***** Exercise materials

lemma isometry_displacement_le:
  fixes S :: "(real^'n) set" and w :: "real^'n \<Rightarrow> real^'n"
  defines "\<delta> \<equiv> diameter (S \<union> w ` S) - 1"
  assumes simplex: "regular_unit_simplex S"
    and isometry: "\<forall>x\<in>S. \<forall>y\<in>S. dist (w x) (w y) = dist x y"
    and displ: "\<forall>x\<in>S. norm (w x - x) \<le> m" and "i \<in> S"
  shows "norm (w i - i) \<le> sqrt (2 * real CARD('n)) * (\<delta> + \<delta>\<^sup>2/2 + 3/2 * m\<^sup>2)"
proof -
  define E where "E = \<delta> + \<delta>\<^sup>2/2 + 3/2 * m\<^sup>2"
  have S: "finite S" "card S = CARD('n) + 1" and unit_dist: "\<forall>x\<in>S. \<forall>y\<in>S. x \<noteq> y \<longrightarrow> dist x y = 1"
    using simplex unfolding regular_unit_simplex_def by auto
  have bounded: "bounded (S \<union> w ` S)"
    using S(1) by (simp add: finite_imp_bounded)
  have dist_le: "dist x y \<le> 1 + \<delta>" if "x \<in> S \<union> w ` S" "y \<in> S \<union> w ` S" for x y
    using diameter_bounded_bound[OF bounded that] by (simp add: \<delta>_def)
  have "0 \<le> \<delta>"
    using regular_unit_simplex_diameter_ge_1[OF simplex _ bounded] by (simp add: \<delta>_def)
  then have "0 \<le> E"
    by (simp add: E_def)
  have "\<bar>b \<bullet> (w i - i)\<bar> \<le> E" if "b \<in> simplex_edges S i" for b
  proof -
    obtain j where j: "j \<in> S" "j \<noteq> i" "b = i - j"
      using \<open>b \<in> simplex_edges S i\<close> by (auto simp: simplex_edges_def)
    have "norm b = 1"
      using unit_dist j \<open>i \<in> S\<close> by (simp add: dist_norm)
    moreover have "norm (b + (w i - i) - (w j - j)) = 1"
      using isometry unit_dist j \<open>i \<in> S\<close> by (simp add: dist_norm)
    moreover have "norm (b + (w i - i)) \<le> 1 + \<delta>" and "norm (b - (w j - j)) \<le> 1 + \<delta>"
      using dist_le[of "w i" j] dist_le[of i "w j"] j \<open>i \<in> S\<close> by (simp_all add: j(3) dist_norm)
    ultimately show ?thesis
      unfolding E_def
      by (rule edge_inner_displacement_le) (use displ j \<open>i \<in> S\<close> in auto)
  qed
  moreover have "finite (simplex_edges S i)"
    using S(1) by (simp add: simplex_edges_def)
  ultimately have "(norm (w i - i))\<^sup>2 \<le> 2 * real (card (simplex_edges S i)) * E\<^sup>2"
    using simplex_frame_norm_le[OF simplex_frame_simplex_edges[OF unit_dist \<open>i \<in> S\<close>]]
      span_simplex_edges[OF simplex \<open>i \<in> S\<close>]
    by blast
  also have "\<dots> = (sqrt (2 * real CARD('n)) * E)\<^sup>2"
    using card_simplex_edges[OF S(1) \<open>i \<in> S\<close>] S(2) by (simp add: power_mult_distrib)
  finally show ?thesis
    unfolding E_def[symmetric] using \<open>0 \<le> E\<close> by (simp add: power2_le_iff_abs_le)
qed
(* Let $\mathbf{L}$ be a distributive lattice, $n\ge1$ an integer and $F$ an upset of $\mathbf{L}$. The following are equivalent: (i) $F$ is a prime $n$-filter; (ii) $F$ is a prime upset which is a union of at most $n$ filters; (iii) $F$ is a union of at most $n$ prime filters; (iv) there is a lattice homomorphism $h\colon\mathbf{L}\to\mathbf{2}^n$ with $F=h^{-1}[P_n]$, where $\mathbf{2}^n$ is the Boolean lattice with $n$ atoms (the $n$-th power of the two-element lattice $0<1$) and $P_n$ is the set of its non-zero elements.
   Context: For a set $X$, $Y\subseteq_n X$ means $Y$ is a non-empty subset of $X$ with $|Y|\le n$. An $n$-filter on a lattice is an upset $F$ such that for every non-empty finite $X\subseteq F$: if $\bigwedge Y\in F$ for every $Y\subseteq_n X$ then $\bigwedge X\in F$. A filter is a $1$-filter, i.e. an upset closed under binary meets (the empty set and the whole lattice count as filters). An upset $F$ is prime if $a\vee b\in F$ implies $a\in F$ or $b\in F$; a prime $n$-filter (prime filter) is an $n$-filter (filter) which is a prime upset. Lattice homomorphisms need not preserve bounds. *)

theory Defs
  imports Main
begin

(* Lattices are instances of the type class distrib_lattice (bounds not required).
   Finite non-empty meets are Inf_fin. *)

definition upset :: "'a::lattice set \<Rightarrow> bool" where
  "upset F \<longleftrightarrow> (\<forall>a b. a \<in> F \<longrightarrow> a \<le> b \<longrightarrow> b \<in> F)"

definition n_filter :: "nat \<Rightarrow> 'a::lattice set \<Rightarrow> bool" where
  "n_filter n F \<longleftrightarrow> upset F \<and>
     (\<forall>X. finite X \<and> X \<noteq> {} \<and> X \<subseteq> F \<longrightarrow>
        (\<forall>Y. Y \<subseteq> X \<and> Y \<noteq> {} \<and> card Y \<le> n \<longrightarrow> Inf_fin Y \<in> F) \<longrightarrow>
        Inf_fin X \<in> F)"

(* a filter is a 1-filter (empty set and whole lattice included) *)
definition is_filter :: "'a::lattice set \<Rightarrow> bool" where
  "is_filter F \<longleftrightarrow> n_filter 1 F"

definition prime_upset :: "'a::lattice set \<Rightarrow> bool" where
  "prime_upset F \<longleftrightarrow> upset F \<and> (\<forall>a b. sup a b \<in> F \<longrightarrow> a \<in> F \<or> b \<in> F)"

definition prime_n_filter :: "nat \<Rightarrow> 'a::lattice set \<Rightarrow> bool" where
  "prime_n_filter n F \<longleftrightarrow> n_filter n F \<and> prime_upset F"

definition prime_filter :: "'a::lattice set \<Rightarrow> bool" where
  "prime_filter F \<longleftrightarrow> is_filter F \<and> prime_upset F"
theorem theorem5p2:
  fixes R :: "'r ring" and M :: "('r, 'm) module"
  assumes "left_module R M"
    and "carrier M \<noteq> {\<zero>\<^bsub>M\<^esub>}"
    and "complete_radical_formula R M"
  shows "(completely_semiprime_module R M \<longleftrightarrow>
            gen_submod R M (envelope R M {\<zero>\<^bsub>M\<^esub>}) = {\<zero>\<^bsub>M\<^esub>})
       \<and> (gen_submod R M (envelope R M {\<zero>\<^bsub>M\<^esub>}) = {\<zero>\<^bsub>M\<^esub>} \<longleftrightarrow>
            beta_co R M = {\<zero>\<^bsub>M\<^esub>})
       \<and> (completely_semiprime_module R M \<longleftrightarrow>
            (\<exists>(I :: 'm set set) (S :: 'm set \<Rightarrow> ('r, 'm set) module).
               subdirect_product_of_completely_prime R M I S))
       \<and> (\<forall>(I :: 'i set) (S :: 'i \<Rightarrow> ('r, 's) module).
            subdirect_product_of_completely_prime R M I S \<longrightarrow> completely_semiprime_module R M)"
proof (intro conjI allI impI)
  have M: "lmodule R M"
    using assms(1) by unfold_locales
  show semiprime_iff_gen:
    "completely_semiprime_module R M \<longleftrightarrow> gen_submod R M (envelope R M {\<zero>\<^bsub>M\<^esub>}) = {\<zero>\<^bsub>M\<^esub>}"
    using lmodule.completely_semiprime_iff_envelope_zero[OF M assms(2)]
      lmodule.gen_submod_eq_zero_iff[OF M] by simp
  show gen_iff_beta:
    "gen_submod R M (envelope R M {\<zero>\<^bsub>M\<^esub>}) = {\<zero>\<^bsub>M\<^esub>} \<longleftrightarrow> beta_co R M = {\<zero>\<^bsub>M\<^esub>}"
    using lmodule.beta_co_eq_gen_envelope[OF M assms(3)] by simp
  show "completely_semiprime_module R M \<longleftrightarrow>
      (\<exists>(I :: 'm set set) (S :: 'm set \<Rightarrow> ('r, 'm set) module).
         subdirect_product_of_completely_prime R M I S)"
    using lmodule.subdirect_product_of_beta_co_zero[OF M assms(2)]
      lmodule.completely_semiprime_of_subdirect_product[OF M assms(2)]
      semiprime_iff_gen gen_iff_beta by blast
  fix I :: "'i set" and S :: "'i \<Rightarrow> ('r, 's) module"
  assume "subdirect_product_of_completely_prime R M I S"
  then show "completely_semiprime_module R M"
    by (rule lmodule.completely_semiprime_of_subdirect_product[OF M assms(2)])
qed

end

**********

What needs to be done: What are the lines above, starting at the one with "using unit_dist j" and ending at the one with "add: j(3) dist_norm)"? Give them again exactly, and only them.

Response to this task:
      using unit_dist j \<open>i \<in> S\<close> by (simp add: dist_norm)
    moreover have "norm (b + (w i - i) - (w j - j)) = 1"
      using isometry unit_dist j \<open>i \<in> S\<close> by (simp add: dist_norm)
    moreover have "norm (b + (w i - i)) \<le> 1 + \<delta>" and "norm (b - (w j - j)) \<le> 1 + \<delta>"
      using dist_le[of "w i" j] dist_le[of i "w j"] j \<open>i \<in> S\<close> by (simp_all add: j(3) dist_norm)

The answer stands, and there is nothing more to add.